BEGIN

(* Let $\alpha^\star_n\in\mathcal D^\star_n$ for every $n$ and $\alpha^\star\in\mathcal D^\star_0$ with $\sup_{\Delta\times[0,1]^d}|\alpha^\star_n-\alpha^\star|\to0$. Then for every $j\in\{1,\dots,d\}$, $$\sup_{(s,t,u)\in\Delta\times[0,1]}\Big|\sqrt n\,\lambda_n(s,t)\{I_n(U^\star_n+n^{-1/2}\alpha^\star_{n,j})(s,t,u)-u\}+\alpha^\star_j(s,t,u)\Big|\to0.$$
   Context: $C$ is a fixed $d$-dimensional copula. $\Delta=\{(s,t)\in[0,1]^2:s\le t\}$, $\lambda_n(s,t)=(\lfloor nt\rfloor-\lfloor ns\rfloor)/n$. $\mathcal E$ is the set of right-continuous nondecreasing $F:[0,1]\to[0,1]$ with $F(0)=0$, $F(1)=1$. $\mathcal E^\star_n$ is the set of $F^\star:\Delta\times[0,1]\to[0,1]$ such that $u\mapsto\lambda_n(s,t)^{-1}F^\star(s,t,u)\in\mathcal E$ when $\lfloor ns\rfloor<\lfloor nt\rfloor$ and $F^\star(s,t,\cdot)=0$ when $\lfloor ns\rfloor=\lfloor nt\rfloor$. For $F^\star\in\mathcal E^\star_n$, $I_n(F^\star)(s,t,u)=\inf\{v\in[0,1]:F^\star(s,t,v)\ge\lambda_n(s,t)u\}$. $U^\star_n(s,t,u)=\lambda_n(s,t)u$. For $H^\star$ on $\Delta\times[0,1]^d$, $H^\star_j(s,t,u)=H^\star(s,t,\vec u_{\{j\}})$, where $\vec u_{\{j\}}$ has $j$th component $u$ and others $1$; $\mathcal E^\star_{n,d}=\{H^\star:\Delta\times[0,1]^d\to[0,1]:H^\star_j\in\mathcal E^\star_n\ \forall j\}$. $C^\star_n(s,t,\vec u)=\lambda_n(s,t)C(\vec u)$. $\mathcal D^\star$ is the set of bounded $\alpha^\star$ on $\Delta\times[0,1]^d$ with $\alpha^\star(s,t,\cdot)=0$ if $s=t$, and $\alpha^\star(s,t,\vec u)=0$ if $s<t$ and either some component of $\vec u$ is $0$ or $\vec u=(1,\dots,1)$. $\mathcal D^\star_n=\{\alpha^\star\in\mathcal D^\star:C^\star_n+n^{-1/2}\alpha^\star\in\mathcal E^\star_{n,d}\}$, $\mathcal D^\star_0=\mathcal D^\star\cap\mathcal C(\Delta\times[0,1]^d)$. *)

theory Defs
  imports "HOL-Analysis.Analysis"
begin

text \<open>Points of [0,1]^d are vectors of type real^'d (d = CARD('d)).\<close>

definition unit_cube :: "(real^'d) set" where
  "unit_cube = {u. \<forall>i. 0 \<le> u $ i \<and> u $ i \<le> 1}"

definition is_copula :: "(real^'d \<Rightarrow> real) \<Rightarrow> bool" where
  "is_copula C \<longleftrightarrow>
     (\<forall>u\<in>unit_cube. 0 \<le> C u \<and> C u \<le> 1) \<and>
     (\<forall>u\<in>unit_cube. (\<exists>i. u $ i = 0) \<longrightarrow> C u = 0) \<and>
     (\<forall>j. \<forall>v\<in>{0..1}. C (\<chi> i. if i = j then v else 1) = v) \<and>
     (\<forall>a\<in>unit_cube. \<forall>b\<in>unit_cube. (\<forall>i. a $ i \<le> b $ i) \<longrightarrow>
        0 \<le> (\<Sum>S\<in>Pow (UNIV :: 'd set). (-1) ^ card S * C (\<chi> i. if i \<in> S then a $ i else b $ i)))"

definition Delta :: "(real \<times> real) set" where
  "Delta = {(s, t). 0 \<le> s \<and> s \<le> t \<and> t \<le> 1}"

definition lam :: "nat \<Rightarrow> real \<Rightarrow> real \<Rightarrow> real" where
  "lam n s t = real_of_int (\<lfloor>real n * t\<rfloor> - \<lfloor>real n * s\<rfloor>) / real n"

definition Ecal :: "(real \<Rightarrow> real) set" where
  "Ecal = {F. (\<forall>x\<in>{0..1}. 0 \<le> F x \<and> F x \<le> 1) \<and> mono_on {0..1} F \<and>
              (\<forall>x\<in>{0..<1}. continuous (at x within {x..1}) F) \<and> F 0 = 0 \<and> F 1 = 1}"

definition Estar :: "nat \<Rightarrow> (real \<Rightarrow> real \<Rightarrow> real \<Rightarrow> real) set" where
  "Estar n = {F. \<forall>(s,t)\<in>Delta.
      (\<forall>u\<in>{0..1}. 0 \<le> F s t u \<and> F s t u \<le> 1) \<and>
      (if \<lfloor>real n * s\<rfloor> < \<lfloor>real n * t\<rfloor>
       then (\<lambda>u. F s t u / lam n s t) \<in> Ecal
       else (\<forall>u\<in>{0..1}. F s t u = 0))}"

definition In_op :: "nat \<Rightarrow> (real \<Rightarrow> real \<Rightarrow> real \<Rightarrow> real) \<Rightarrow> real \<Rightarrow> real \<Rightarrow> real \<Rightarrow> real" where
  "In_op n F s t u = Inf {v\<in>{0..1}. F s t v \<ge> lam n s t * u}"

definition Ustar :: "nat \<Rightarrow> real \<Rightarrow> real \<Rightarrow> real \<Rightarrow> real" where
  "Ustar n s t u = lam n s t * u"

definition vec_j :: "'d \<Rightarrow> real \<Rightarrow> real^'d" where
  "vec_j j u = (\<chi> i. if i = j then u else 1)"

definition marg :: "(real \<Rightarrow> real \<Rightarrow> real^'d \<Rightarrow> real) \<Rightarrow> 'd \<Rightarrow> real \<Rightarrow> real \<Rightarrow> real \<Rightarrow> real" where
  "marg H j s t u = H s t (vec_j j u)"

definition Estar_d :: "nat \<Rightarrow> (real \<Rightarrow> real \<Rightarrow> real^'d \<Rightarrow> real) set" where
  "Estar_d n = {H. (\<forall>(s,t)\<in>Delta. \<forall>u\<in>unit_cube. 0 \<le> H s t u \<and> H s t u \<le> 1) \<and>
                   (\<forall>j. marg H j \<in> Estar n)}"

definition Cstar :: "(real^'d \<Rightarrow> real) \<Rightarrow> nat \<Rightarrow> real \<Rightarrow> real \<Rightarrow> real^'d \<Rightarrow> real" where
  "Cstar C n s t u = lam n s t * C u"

END
BEGIN

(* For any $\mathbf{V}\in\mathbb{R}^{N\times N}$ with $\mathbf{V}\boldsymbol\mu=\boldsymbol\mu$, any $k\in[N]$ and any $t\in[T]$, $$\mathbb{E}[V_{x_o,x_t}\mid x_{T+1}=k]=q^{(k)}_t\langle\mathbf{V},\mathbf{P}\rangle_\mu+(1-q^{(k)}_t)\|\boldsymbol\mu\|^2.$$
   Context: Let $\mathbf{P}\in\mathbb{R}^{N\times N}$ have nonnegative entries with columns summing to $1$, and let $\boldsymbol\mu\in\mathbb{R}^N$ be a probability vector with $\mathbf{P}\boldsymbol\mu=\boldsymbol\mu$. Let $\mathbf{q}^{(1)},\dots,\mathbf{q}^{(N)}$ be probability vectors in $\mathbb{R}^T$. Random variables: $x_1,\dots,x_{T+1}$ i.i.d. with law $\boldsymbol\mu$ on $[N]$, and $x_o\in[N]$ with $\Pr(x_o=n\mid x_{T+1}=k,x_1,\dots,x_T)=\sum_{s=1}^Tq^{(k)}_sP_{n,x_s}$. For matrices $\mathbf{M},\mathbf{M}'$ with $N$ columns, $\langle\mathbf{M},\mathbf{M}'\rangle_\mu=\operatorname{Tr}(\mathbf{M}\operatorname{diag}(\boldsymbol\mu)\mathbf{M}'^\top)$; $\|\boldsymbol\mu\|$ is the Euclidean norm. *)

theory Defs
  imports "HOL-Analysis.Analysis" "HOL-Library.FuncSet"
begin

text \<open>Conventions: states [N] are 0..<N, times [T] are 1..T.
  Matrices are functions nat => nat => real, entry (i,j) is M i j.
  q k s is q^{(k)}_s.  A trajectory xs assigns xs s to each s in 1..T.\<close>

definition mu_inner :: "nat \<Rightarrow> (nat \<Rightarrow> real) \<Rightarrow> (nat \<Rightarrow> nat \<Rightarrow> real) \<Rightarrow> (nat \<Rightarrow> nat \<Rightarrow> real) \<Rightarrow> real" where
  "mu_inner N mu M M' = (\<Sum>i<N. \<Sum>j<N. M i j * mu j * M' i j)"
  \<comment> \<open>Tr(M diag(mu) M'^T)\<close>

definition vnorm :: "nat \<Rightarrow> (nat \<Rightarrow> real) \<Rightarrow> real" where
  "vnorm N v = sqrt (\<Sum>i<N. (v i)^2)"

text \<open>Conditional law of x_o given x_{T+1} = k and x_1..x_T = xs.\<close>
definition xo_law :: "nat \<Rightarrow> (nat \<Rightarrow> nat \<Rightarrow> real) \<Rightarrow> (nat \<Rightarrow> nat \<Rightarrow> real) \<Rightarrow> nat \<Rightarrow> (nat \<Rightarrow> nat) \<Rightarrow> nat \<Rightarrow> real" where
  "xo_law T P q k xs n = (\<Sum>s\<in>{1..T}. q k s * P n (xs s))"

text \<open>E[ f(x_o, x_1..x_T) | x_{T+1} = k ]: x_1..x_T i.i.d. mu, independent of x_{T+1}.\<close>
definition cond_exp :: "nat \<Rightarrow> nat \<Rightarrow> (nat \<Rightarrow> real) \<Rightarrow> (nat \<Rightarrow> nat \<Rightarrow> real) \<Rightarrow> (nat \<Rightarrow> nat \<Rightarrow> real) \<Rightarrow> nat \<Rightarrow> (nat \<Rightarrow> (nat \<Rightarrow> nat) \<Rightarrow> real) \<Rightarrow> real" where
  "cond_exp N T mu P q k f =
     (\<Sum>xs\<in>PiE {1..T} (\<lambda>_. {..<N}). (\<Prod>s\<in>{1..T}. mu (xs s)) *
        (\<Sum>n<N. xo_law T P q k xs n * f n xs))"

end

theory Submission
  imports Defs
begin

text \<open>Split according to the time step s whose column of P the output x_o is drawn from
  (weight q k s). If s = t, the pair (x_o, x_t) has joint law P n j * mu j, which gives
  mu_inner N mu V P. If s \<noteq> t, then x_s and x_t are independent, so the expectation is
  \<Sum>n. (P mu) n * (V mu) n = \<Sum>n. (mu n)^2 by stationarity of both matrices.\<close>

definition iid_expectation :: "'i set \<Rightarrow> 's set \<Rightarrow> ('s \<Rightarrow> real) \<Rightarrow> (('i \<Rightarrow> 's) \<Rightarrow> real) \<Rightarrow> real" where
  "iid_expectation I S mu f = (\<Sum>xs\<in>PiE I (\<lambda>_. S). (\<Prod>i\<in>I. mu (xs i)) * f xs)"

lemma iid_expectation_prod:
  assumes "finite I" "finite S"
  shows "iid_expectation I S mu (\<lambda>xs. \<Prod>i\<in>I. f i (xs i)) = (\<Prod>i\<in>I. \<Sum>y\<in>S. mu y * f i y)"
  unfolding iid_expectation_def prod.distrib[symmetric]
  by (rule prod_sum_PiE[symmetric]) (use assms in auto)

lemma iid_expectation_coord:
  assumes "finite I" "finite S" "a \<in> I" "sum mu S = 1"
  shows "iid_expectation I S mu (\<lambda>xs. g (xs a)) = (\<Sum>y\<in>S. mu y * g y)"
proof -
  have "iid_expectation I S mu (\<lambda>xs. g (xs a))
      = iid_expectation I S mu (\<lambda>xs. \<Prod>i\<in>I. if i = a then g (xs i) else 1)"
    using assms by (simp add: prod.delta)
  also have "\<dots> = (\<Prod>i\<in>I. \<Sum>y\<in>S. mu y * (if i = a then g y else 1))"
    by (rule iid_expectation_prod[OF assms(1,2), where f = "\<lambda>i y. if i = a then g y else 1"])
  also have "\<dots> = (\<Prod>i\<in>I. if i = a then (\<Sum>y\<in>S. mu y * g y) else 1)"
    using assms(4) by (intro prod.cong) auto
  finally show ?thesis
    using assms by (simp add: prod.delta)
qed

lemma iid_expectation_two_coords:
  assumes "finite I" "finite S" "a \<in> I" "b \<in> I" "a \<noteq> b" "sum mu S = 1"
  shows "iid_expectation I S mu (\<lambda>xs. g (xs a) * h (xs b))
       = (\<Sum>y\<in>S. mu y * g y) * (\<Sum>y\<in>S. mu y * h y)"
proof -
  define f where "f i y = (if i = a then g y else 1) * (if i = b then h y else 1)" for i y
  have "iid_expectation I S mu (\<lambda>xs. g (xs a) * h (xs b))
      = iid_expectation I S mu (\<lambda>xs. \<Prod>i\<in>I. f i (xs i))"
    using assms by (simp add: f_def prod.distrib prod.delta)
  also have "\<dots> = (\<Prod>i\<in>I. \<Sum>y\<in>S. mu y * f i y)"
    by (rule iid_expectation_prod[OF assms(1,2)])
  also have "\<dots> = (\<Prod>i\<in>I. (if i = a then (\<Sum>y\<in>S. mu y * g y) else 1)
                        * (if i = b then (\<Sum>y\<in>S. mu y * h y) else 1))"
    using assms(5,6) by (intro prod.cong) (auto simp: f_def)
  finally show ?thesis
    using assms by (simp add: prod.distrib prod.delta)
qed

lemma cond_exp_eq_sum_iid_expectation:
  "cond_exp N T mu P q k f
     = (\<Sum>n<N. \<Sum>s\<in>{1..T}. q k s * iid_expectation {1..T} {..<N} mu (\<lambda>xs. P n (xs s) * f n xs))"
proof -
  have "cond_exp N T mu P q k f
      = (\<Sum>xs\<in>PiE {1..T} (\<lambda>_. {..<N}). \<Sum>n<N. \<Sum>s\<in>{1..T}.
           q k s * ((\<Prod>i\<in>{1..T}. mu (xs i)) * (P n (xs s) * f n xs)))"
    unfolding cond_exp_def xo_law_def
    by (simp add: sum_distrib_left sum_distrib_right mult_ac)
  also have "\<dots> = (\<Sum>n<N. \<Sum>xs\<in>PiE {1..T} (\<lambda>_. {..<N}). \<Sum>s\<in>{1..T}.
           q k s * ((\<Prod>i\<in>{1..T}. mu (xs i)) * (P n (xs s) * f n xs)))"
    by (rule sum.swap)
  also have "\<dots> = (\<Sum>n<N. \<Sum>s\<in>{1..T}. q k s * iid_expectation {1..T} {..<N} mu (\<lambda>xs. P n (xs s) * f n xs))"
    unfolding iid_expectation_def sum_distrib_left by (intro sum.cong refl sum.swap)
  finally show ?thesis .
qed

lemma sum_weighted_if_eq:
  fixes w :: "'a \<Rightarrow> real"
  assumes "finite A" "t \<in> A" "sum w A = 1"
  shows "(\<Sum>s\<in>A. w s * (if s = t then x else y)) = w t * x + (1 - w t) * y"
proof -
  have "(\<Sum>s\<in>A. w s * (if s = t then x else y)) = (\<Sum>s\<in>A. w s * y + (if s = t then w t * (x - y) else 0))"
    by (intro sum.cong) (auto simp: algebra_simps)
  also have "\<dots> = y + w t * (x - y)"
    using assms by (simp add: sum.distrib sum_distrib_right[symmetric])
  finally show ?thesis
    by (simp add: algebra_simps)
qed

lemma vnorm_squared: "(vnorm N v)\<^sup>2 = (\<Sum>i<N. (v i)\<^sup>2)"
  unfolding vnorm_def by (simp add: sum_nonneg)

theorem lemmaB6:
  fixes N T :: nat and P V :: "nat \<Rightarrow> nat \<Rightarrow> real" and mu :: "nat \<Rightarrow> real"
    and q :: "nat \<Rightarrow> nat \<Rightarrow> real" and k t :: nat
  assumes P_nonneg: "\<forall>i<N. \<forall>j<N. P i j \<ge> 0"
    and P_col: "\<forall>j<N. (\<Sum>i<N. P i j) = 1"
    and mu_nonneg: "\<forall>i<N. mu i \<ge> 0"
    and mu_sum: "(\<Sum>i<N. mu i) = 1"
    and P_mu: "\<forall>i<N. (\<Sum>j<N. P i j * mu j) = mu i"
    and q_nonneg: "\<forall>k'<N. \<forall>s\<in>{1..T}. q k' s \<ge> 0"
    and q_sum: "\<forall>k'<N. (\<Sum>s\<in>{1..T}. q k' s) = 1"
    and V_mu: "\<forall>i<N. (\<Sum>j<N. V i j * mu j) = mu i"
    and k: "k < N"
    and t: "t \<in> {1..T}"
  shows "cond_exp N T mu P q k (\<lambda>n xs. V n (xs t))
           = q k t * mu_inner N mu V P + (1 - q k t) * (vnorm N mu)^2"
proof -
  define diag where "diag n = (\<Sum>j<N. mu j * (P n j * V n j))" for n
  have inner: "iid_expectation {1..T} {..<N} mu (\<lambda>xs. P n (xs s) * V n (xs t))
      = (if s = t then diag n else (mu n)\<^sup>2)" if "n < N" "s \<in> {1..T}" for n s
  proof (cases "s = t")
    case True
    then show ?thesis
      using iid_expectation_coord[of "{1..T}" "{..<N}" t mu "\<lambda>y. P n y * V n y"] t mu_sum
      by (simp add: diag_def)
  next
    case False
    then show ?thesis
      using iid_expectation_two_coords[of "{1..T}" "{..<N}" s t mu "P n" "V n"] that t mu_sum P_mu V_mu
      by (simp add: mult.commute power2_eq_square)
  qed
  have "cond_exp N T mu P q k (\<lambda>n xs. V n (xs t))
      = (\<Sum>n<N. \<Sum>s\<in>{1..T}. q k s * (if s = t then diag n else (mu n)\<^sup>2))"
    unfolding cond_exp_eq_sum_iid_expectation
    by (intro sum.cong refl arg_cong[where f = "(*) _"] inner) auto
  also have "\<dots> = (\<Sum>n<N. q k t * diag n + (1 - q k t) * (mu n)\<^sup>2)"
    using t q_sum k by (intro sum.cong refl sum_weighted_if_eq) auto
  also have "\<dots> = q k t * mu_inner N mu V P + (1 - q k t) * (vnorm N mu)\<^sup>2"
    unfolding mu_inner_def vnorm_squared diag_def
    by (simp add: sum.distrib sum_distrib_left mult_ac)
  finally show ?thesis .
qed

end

END

Task item:
For the entries above, count the lines that contain the string "swap", and state that number without further comment.

Solution for this exercise:
2